_REQUIREMENT_: Write out the stretch of lines below that begins at the line with "psi + add_mset" and ends at the line with "by (auto elim: union_eq_plus_replicate_msetE)", including both, exactly as given and nothing more.

_INFORMATION_:
(* $\mathsf{GK(A_m)}$ admits cut-elimination: every sequent derivable in $\mathsf{GK(A_m)}$ has a $\mathsf{GK(A_m)}$-derivation containing no application of the rule (cut).
   Context: $\mathcal{L}_{A_m}^{\Box}$-formulas are built from a countably infinite set of variables using binary $\to$ and unary $\Box$. A sequent $\Gamma\Rightarrow\Delta$ is an ordered pair of finite multisets of formulas; $\Gamma,\Delta$ is multiset union, $n\Gamma$ is $\Gamma$ repeated $n$ times, $n[\varphi]$ is $n$ copies of $\varphi$, $\Box\Gamma=[\Box\varphi:\varphi\in\Gamma]$. The calculus $\mathsf{GK(A_m)}$ has rules: (id) $\Delta\Rightarrow\Delta$; (cut) from $\Gamma,\varphi\Rightarrow\Delta$ and $\Pi\Rightarrow\varphi,\Sigma$ infer $\Gamma,\Pi\Rightarrow\Sigma,\Delta$; (mix) from $\Gamma\Rightarrow\Delta$ and $\Pi\Rightarrow\Sigma$ infer $\Gamma,\Pi\Rightarrow\Sigma,\Delta$; (sc$_n$) from $n\Gamma\Rightarrow n\Delta$ infer $\Gamma\Rightarrow\Delta$ ($n\ge2$); ($\to\Rightarrow$) from $\Gamma,\psi\Rightarrow\varphi,\Delta$ infer $\Gamma,\varphi\to\psi\Rightarrow\Delta$; ($\Rightarrow\to$) from $\Gamma,\varphi\Rightarrow\psi,\Delta$ infer $\Gamma\Rightarrow\varphi\to\psi,\Delta$; ($\Box_n$) from $\Gamma\Rightarrow n[\varphi]$ infer $\Box\Gamma\Rightarrow n[\Box\varphi]$ ($n\ge0$). A derivation is a finite tree of sequents in which each node with its parents is a rule instance. *)

theory Defs
  imports "HOL-Library.Multiset"
begin

datatype fm = Var nat | Imp fm fm | Box fm

type_synonym sequent = "fm multiset \<times> fm multiset"

text \<open>Derivability in GK(A_m). The flag c says whether (cut) may be used:
  GKder True S  = S derivable in GK(A_m);
  GKder False S = S has a GK(A_m)-derivation with no application of (cut).\<close>
inductive GKder :: "bool \<Rightarrow> sequent \<Rightarrow> bool" for c :: bool where
  ident: "GKder c (D, D)"
| cut: "\<lbrakk> c; GKder c (G + {#phi#}, D); GKder c (P, {#phi#} + S) \<rbrakk>
        \<Longrightarrow> GKder c (G + P, S + D)"
| mix: "\<lbrakk> GKder c (G, D); GKder c (P, S) \<rbrakk> \<Longrightarrow> GKder c (G + P, S + D)"
| sc: "\<lbrakk> n \<ge> 2; GKder c (repeat_mset n G, repeat_mset n D) \<rbrakk> \<Longrightarrow> GKder c (G, D)"
| impL: "GKder c (G + {#psi#}, {#phi#} + D) \<Longrightarrow> GKder c (G + {#Imp phi psi#}, D)"
| impR: "GKder c (G + {#phi#}, {#psi#} + D) \<Longrightarrow> GKder c (G, {#Imp phi psi#} + D)"
| box: "GKder c (G, replicate_mset n phi) \<Longrightarrow>
        GKder c (image_mset Box G, replicate_mset n (Box phi))"

end

theory Submission
  imports Defs
begin

text \<open>Since (mix) is available, (cut) amounts to cancellation: from \<open>\<Gamma>, k\<phi> \<Rightarrow> k\<phi>, \<Delta>\<close>
  infer \<open>\<Gamma> \<Rightarrow> \<Delta>\<close>. Cancellation is admissible in the cut-free calculus, by induction
  on \<open>\<phi>\<close>. Both implication rules are invertible, so cancelling \<open>\<phi> \<rightarrow> \<psi>\<close> reduces to
  cancelling \<open>\<phi>\<close> and \<open>\<psi>\<close>. For a variable or a boxed formula one follows the
  derivation, removing as many copies as possible: copies on opposite sides meet only at (mix),
  where they are removed by a multicut whose scaling of the premises is undone by (sc), and at
  (\<open>\<Box>\<^sub>n\<close>), where they come from copies of \<open>\<chi>\<close> that are cancelled by the induction
  hypothesis. The multicut on \<open>\<Box>\<chi>\<close> in turn follows both premises up to their last
  (\<open>\<Box>\<^sub>n\<close>) inferences and cuts the copies of \<open>\<chi>\<close> above them.\<close>

lemma replicate_mset_add: "replicate_mset (a + b) x = replicate_mset a x + replicate_mset b x"
  by (simp add: multiset_eq_iff)

lemma repeat_replicate_mset: "repeat_mset n (replicate_mset k x) = replicate_mset (n * k) x"
  by (simp add: multiset_eq_iff)

lemma image_repeat_mset: "image_mset f (repeat_mset n M) = repeat_mset n (image_mset f M)"
  by (induction n) auto

lemma union_eq_plus_replicate_msetE:
  assumes "G1 + G2 = A + replicate_mset a x"
  obtains A1 A2 a1 a2 where "G1 = A1 + replicate_mset a1 x" "G2 = A2 + replicate_mset a2 x"
    "A = A1 + A2" "a = a1 + a2"
proof -
  define a1 where "a1 = min (count G1 x) a"
  define a2 where "a2 = a - a1"
  have "count G1 x + count G2 x = count A x + a"
    using arg_cong[OF assms, of "\<lambda>M. count M x"] by simp
  then have "replicate_mset a1 x \<subseteq># G1" "replicate_mset a2 x \<subseteq># G2"
    by (auto simp: a1_def a2_def subseteq_mset_def)
  with assms show ?thesis
    by (intro that[of "G1 - replicate_mset a1 x" a1 "G2 - replicate_mset a2 x" a2])
       (auto simp: a1_def a2_def multiset_eq_iff subseteq_mset_def)
qed

lemma add_mset_eq_plus_replicate_msetE:
  assumes "add_mset y G = A + replicate_mset a x" "y \<noteq> x"
  obtains A' where "A = add_mset y A'" "G = A' + replicate_mset a x"
proof -
  from assms have "y \<in># A"
    by (metis in_replicate_mset union_iff union_single_eq_member add_mset_add_single)
  then obtain A' where "A = add_mset y A'" by (metis insert_DiffM)
  with assms show ?thesis using that by simp
qed

lemma image_Box_eq_plus_replicate_msetE:
  assumes "image_mset Box G = A + replicate_mset a (Box chi)"
  obtains G' where "G = G' + replicate_mset a chi" "A = image_mset Box G'"
  using image_mset_eq_plus_image_msetD[of Box G A "replicate_mset a chi"] assms that
  by (auto simp: inj_on_def)

lemma replicate_mset_eq_replicate_plusD:
  assumes "replicate_mset m y = replicate_mset b x + E" "b > 0"
  shows "x = y" "b \<le> m" "E = replicate_mset (m - b) y"
proof -
  have count: "count (replicate_mset m y) z = count (replicate_mset b x) z + count E z" for z
    using assms by simp
  show "x = y" using count[of x] assms(2) by (auto split: if_splits)
  then have "count E z = (if z = y then m - b else 0)" "b \<le> m" for z
    using count[of z] count[of y] by auto
  then show "b \<le> m" "E = replicate_mset (m - b) y"
    by (auto simp: multiset_eq_iff)
qed

lemma GKder_cutfree_induct [consumes 1, case_names ident mix sc impL impR box]:
  assumes "GKder False (G, D)"
    and "\<And>D. Q D D"
    and "\<And>G1 D1 G2 D2. GKder False (G1, D1) \<Longrightarrow> Q G1 D1 \<Longrightarrow> GKder False (G2, D2) \<Longrightarrow> Q G2 D2
           \<Longrightarrow> Q (G1 + G2) (D1 + D2)"
    and "\<And>n G D. n \<ge> 2 \<Longrightarrow> GKder False (repeat_mset n G, repeat_mset n D)
           \<Longrightarrow> Q (repeat_mset n G) (repeat_mset n D) \<Longrightarrow> Q G D"
    and "\<And>G D phi psi. GKder False (add_mset psi G, add_mset phi D)
           \<Longrightarrow> Q (add_mset psi G) (add_mset phi D) \<Longrightarrow> Q (add_mset (Imp phi psi) G) D"
    and "\<And>G D phi psi. GKder False (add_mset phi G, add_mset psi D)
           \<Longrightarrow> Q (add_mset phi G) (add_mset psi D) \<Longrightarrow> Q G (add_mset (Imp phi psi) D)"
    and "\<And>G n phi. GKder False (G, replicate_mset n phi) \<Longrightarrow> Q G (replicate_mset n phi)
           \<Longrightarrow> Q (image_mset Box G) (replicate_mset n (Box phi))"
  shows "Q G D"
proof -
  have "GKder False S \<Longrightarrow> Q (fst S) (snd S)" for S
    by (induction rule: GKder.induct) (use assms(2-) in \<open>auto simp: add.commute\<close>)
  from this[OF assms(1)] show ?thesis by simp
qed

lemma GKder_add: "GKder c (G1, D1) \<Longrightarrow> GKder c (G2, D2) \<Longrightarrow> GKder c (G1 + G2, D1 + D2)"
  using GKder.mix[of c G1 D1 G2 D2] by (simp add: add.commute)

lemma GKder_impL':
  "GKder c (add_mset psi G, add_mset phi D) \<Longrightarrow> GKder c (add_mset (Imp phi psi) G, D)"
  using GKder.impL[of c G psi phi D] by simp

lemma GKder_impR':
  "GKder c (add_mset phi G, add_mset psi D) \<Longrightarrow> GKder c (G, add_mset (Imp phi psi) D)"
  using GKder.impR[of c G phi psi D] by simp

lemma GKder_repeat: "GKder c (G, D) \<Longrightarrow> GKder c (repeat_mset n G, repeat_mset n D)"
  by (induction n) (auto intro: GKder_add GKder.ident[of c "{#}", simplified])

lemma GKder_unrepeat: "GKder c (repeat_mset n G, repeat_mset n D) \<Longrightarrow> 0 < n \<Longrightarrow> GKder c (G, D)"
  using GKder.sc[of n c G D] by (cases "n = 1") auto

lemma GKder_impL_replicate:
  "GKder c (G + replicate_mset k psi, replicate_mset k phi + D) \<Longrightarrow>
   GKder c (G + replicate_mset k (Imp phi psi), D)"
proof (induction k arbitrary: G)
  case (Suc k)
  then have "GKder c (add_mset (Imp phi psi) G + replicate_mset k psi, replicate_mset k phi + D)"
    using GKder_impL'[of c psi "G + replicate_mset k psi" phi "replicate_mset k phi + D"] by simp
  from Suc.IH[OF this] show ?case by simp
qed simp

lemma GKder_impR_replicate:
  "GKder c (G + replicate_mset k phi, replicate_mset k psi + D) \<Longrightarrow>
   GKder c (G, replicate_mset k (Imp phi psi) + D)"
proof (induction k arbitrary: D)
  case (Suc k)
  then have "GKder c (G + replicate_mset k phi, replicate_mset k psi + add_mset (Imp phi psi) D)"
    using GKder_impR'[of c phi "G + replicate_mset k phi" psi "replicate_mset k psi + D"] by simp
  from Suc.IH[OF this] show ?case by simp
qed simp

lemma impL_inversion:
  assumes "GKder False (G', D)" "G' = G + replicate_mset k (Imp phi psi)"
  shows "GKder False (G + replicate_mset k psi, replicate_mset k phi + D)"
  using assms
proof (induction G' D arbitrary: G k rule: GKder_cutfree_induct)
  case (ident D)
  have "GKder False ({#psi#}, {#Imp phi psi, phi#})"
    using GKder_impR'[of False phi "{#psi#}" psi "{#phi#}"] GKder.ident[of False "{#phi, psi#}"]
    by (simp add: add_mset_commute)
  from GKder_add[OF GKder.ident GKder_repeat[OF this, of k]] show ?case
    using ident by (simp add: ac_simps)
next
  case (mix G1 D1 G2 D2)
  then obtain A1 A2 a1 a2 where "G1 = A1 + replicate_mset a1 (Imp phi psi)"
    "G2 = A2 + replicate_mset a2 (Imp phi psi)" "G = A1 + A2" "k = a1 + a2"
    by (auto elim: union_eq_plus_replicate_msetE)
  with GKder_add[OF mix.IH(1) mix.IH(2)] show ?case
    by (simp add: ac_simps replicate_mset_add)
next
  case (sc n G0 D0)
  from sc.prems sc.IH[of "repeat_mset n G" "n * k"]
  have "GKder False (repeat_mset n (G + replicate_mset k psi),
      repeat_mset n (replicate_mset k phi + D0))"
    by (simp add: repeat_replicate_mset)
  then show ?case by (rule GKder_unrepeat) (use sc.hyps in simp)
next
  case (impL G0 D0 phi' psi')
  show ?case
  proof (cases "k > 0 \<and> Imp phi' psi' = Imp phi psi")
    case True
    then obtain k' where "k = Suc k'" "phi' = phi" "psi' = psi" by (auto dest: gr0_implies_Suc)
    with impL.prems impL.IH[of "add_mset psi G" k'] show ?thesis by simp
  next
    case False
    with impL.prems obtain A where "G = add_mset (Imp phi' psi') A"
      "G0 = A + replicate_mset k (Imp phi psi)"
      by (cases "k = 0") (auto elim: add_mset_eq_plus_replicate_msetE)
    with impL.IH[of "add_mset psi' A" k] show ?thesis
      using GKder_impL'[of False psi' "A + replicate_mset k psi" phi' "replicate_mset k phi + D0"]
      by simp
  qed
next
  case (impR G0 D0 phi' psi')
  with impR.IH[of "add_mset phi' G" k] show ?case
    using GKder_impR'[of False phi' "G + replicate_mset k psi" psi' "replicate_mset k phi + D0"]
    by simp
next
  case (box G0 n chi)
  then have "k = 0"
    by (metis fm.distinct(6) image_iff in_replicate_mset not_gr0 set_image_mset union_iff)
  with box show ?case by (auto intro: GKder.box)
qed

lemma impR_inversion:
  assumes "GKder False (G, D')" "D' = replicate_mset k (Imp phi psi) + D"
  shows "GKder False (G + replicate_mset k phi, replicate_mset k psi + D)"
  using assms
proof (induction G D' arbitrary: D k rule: GKder_cutfree_induct)
  case (ident G)
  have "GKder False ({#phi, Imp phi psi#}, {#psi#})"
    using GKder_impL'[of False psi "{#phi#}" phi "{#psi#}"] GKder.ident[of False "{#phi, psi#}"]
    by (simp add: add_mset_commute)
  from GKder_add[OF GKder.ident GKder_repeat[OF this, of k]] show ?case
    using ident by (simp add: ac_simps)
next
  case (mix G1 D1 G2 D2)
  then obtain E1 E2 a1 a2 where "D1 = E1 + replicate_mset a1 (Imp phi psi)"
    "D2 = E2 + replicate_mset a2 (Imp phi psi)" "D = E1 + E2" "k = a1 + a2"
    by (auto simp: add.commute elim: union_eq_plus_replicate_msetE)
  with GKder_add[OF mix.IH(1) mix.IH(2)] show ?case
    by (simp add: ac_simps replicate_mset_add)
next
  case (sc n G0 D0)
  from sc.prems sc.IH[of "n * k" "repeat_mset n D"]
  have "GKder False (repeat_mset n (G0 + replicate_mset k phi),
      repeat_mset n (replicate_mset k psi + D))"
    by (simp add: repeat_replicate_mset)
  then show ?case by (rule GKder_unrepeat) (use sc.hyps in simp)
next
  case (impR G0 D0 phi' psi')
  show ?case
  proof (cases "k > 0 \<and> Imp phi' psi' = Imp phi psi")
    case True
    then obtain k' where "k = Suc k'" "phi' = phi" "psi' = psi" by (auto dest: gr0_implies_Suc)
    with impR.prems impR.IH[of k' "add_mset psi D"] show ?thesis by simp
  next
    case False
    with impR.prems obtain E where "D = add_mset (Imp phi' psi') E"
      "D0 = E + replicate_mset k (Imp phi psi)"
      by (cases "k = 0") (auto simp: add.commute elim: add_mset_eq_plus_replicate_msetE)
    with impR.IH[of k "add_mset psi' E"] show ?thesis
      using GKder_impR'[of False phi' "G0 + replicate_mset k phi" psi' "replicate_mset k psi + E"]
      by (simp add: add.commute)
  qed
next
  case (impL G0 D0 phi' psi')
  with impL.IH[of k "add_mset phi' D"] show ?case
    using GKder_impL'[of False psi' "G0 + replicate_mset k phi" phi' "replicate_mset k psi + D"]
    by simp
next
  case (box G0 n chi)
  then have "k = 0" by (metis fm.distinct(6) in_replicate_mset not_gr0 union_iff)
  with box show ?case by (auto intro: GKder.box)
qed

definition cancellable :: "fm \<Rightarrow> bool" where
  "cancellable x \<longleftrightarrow> (\<forall>G D k. GKder False (G + replicate_mset k x, replicate_mset k x + D)
     \<longrightarrow> GKder False (G, D))"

_EXERCISE OUTPUT_:
  then have "GKder c (G + replicate_mset k phi, replicate_mset k psi + add_mset (Imp phi psi) D)"
    using GKder_impR'[of c phi "G + replicate_mset k phi" psi "replicate_mset k psi + D"] by simp
  from Suc.IH[OF this] show ?case by simp
qed simp

lemma impL_inversion:
  assumes "GKder False (G', D)" "G' = G + replicate_mset k (Imp phi psi)"
  shows "GKder False (G + replicate_mset k psi, replicate_mset k phi + D)"
  using assms
proof (induction G' D arbitrary: G k rule: GKder_cutfree_induct)
  case (ident D)
  have "GKder False ({#psi#}, {#Imp phi psi, phi#})"
    using GKder_impR'[of False phi "{#psi#}" psi "{#phi#}"] GKder.ident[of False "{#phi, psi#}"]
    by (simp add: add_mset_commute)
  from GKder_add[OF GKder.ident GKder_repeat[OF this, of k]] show ?case
    using ident by (simp add: ac_simps)
next
  case (mix G1 D1 G2 D2)
  then obtain A1 A2 a1 a2 where "G1 = A1 + replicate_mset a1 (Imp phi psi)"
    "G2 = A2 + replicate_mset a2 (Imp phi psi)" "G = A1 + A2" "k = a1 + a2"
    by (auto elim: union_eq_plus_replicate_msetE)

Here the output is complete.